My concern here is that it will be hard to justify changes to the runtime if I cannot formulate a use case.

Thinking about it, I don't think there can be a case where something is present upon entering a target region and not be present when we're exiting. Whatever code comprises the target region is code executed on the device - it cannot modify the state of host objects (i.e. libomptarget) in any possible way. E.g. the kernel cannot invoke libomptarget functions, allocate memory, map/unmap data etc.

The only case where something like this would be possible is if we have multiple host threads executing async offloading. In such a case, one thread may launch a target region at a moment when the requested mapping is present on the device and while the kernel is executing some other thread performs a target data exit on the desired mapping. Upon exiting the kernel, the mapping will no longer be present but this is clearly a race condition (user's fault), so I don't think we should pay attention to such a scenario.

I've added a comment to the runtime code that performs the check. As you can see, the check is performed regardless. It's just a question of whether the runtime treats it as an error. I don't think performance is an issue.

My concern here is that it will be hard to justify changes to the runtime if I cannot formulate a use case.

Thinking about it, I don't think there can be a case where something is present upon entering a target region and not be present when we're exiting. Whatever code comprises the target region is code executed on the device - it cannot modify the state of host objects (i.e. libomptarget) in any possible way. E.g. the kernel cannot invoke libomptarget functions, allocate memory, map/unmap data etc.

The only case where something like this would be possible is if we have multiple host threads executing async offloading. In such a case, one thread may launch a target region at a moment when the requested mapping is present on the device and while the kernel is executing some other thread performs a target data exit on the desired mapping. Upon exiting the kernel, the mapping will no longer be present but this is clearly a race condition (user's fault), so I don't think we should pay attention to such a scenario.

Exactly. As far as I can tell, the runtime simply needs a comment that explains this issue in the case of omp target.

jdenny updated this revision to Diff 281067.Jul 27 2020, 3:39 PM
jdenny edited the summary of this revision. (Show Details)
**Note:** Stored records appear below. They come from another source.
(* For j = 1 the second summand vanishes, since inverse 0 = 0. *)
lemma norm_grid_cell_error_le:
  assumes "0 < h" "3 * h \<le> exp (- 2 * l)" "1 \<le> j" "real j * h \<le> pi"
  shows "norm (h *\<^sub>R \<zeta> (real j * h) - integral {real (j - 1) * h..real j * h} \<zeta>)
    \<le> (if j = 1 then 7 * K * h * (- ln h) powr l else 0)
        + K * h * (- ln h) powr (l - 1) * inverse (real (j - 1))"
proof (cases "j = 1")
  case True
  then show ?thesis using norm_first_cell_error_le[OF assms(1,2)] by simp
next
  case False
  define a where "a = real (j - 1) * h"
  have "h \<le> a" "a + h = real j * h"
    using assms False by (auto simp: a_def algebra_simps)
  then have "norm (h *\<^sub>R \<zeta> (real j * h) - integral {a..real j * h} \<zeta>)
      \<le> K / a * (- ln h) powr (l - 1) * h\<^sup>2"
    using norm_cell_error_le[OF assms(1) small_step_bounds(1)[OF assms(1,2)], of a] assms by simp
  also have "\<dots> = K * h * (- ln h) powr (l - 1) * (h / a)"
    by (simp add: power2_eq_square)
  also have "h / a = inverse (real (j - 1))"
    unfolding a_def using assms(1) by (simp add: divide_inverse)
  finally show ?thesis using False by (simp add: a_def)
qed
Rewrite patch as discussed: instead of generating different runtime calls for the end of an omp target data vs. the beginning of an omp target exit data so that the runtime can determine when to ignore present, change Clang to filter present from the map types at the end of an omp target data.

jdenny edited the summary of this revision. (Show Details)Jul 27 2020, 3:40 PM

This looks much better now. I don't have any other comments. Since this patch is now essentially a clang-only patch, I'll let @ABataev accept it or post comments.

ABataev added inline comments.Jul 28 2020, 11:20 AM
clang/lib/CodeGen/CGOpenMPRuntime.cpp
8686

Can this new flag be encapsulated in Info?

jdenny updated this revision to Diff 281330.Jul 28 2020, 12:41 PM

Replaced SeparateBeginEnd parameter with new TargetDataInfo field as requested. Rebased.

jdenny marked an inline comment as done.Jul 28 2020, 12:42 PM
ABataev added inline comments.Jul 28 2020, 1:43 PM
clang/lib/CodeGen/CGOpenMPRuntime.cpp
8844

Do not append param here, use the one from Info

jdenny marked an inline comment as done.Jul 28 2020, 1:54 PM
jdenny added inline comments.
clang/lib/CodeGen/CGOpenMPRuntime.cpp
8844

Info.SeparateBeginEndCalls and ForEndCall do not represent the same thing. If Info.SeparateBeginEndCalls=true, as in emitTargetDataCalls below, then emitOffloadingArraysArgument is called twice with the same Info, once with ForEndCall=false and once with ForEndCall=true.

This revision is now accepted and ready to land.Jul 30 2020, 8:34 AM
jdenny marked an inline comment as done.Jul 30 2020, 8:56 AM

Thanks for the review.

As discussed during the 7/29 call, I'll wait to push until we're sure about what the OpenMP committee intended here. I'm pursuing this and will report back when I have more information.

This revision was automatically updated to reflect the committed changes.